In tanti lo aspettavano al varco.
Simone Inzaghi, grande condottiero della Lazio che sta vivendo una stagione straordinaria sia in campo nazionale che in campo internazionale, è sempre stato contrario al VAR e lo ha manifestato tante volte.
Pensiero rispettabile che non ci sentiamo di criticare, ovviamente.
Ma Inzaghi si è lamentato spesso dei tanti torti arbitrali che il mezzo tecnologico gli ha arrecato durante la stagione e che lo avrebbe penalizzato di tanti punti.
Qui, già, cominciamo a non condividere più il suo pensiero perchè, ad esempio, il tecnico laziale si è lamentato di un rigore concesso alla Fiorentina all’Olimpico che gli avrebbe tolto due punti quando il fallo da rigore commesso dal suo centravanti Caceido è apparso netto in maniera pressochè unanime al mondo sportivo.
Ieri, però, la sorte aspettava al varco Inzaghi.
Il gol di Immobile è apparso viziato da un fallo netto di Marusic su Jankto ad inizio azione non segnalato dal VAR.
I regolamenti del mezzo tecnologico – che ancora nessuno ha capito – forse diranno pure che il Var poteva non intervenire perchè non era un chiaro errore dell’arbitro ma tante volte quest’anno questa circostanza è stata disattesa a favore dell’una o dell’altra squadra.
Furioso Massimo Oddo a fine gara: ” gara decisa dall’arbitro Rocchi: Il laziale ha preso la gamba di Jankto sbilanciandolo. Come fa a non esssere fallo questo?”
Parole che tante volte, in versioni pià o meno simili, abbiamo sentito pronunciare da Inzaghi che, ovviamente,ha sorvolato sull’episodio VAR a favore della sua squadra.

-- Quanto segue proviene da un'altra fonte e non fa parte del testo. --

text \<open>
  The key fact is \<open>sZ (F (n + 2) + r) = sZ r + 1\<close> for \<open>r < F (n + 1)\<close>: the digit of
  \<open>F (n + 2)\<close> can be put in front of the expansion of \<open>r\<close>. Hence the increments of \<open>sZ\<close> on the
  block \<open>[F (n + 2), F (n + 3))\<close> repeat those on \<open>[0, F (n + 1))\<close>, except at the last point,
  where the increment is one smaller. The increment at \<open>F (n + 1) - 1\<close> is \<open>1 - n div 2\<close>, so
  for large \<open>n\<close> this exception does not affect membership in any of the three sets of points.
  Each of these sets \<open>P\<close> (for the points of decrease: shifted by one, with \<open>0\<close> added) thus
  satisfies \<open>P \<inter> [F (n + 2), F (n + 3)) = F (n + 2) + P \<inter> [0, F (n + 1))\<close>, and consequently the
  words \<open>w n\<close> of gaps between consecutive elements of \<open>P\<close> up to \<open>F n + min P\<close>, the first
  element beyond \<open>F n\<close>, satisfy \<open>w (n + 2) = w (n + 1) @ w n\<close>. The iterates of each morphism
  obey the same recursion, so they coincide with the \<open>w n\<close> once two initial words agree.
\<close>

declare fib.simps(3) [simp del] fib_neq_0_nat [simp]

section \<open>Zeckendorf expansions\<close>

lemma zeck_sum_less_fib:
  assumes "finite S" and "\<forall>i\<in>S. Suc i \<notin> S" and "\<forall>i\<in>S. i < m"
  shows "(\<Sum>i\<in>S. fib (i + 2)) < fib (m + 2)"
  using assms
proof (induction m arbitrary: S rule: fib.induct)
  case 1
  then show ?case by simp
next
  case 2
  then have "S \<subseteq> {0}" by auto
  then have "(\<Sum>i\<in>S. fib (i + 2)) \<le> (\<Sum>i\<in>{0}. fib (i + 2))"
    by (intro sum_mono2) auto
  then show ?case by (simp add: fib.simps)
next
  case (3 m)
  show ?case
  proof (cases "Suc m \<in> S")
    case False
    have "(\<Sum>i\<in>S. fib (i + 2)) < fib (Suc m + 2)"
      by (rule "3.IH"(1)) (use "3.prems" False in \<open>auto simp: less_Suc_eq\<close>)
    also have "\<dots> \<le> fib (Suc (Suc m) + 2)" by (rule fib_mono) simp
    finally show ?thesis .
  next
    case True
    have "m \<notin> S" using True "3.prems"(2) by auto
    then have below: "\<forall>i\<in>S - {Suc m}. i < m"
      using "3.prems"(3) by (auto simp: less_Suc_eq)
    have "(\<Sum>i\<in>S - {Suc m}. fib (i + 2)) < fib (m + 2)"
      by (rule "3.IH"(2)) (use "3.prems" below in auto)
    moreover have
      "(\<Sum>i\<in>S. fib (i + 2)) = fib (Suc m + 2) + (\<Sum>i\<in>S - {Suc m}. fib (i + 2))"
      using True "3.prems"(1) by (simp add: sum.remove)
    ultimately show ?thesis using fib_plus_2[of "m + 2"] by (simp add: numeral_eq_Suc)
  qed
qed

Chi più chi meno ha di che lamentarsi dell’applicazione del mezzo teconologico che fa discutere nè più nè meno di quanto non faccia discutere una decisione arbitrale dubbia.
Allora la domanda che poniamo al tecnico laziale è questa: come hai taciuto ieri non sarebbe bene tacere anche quando gli episodi sono contrari alla tua squadra?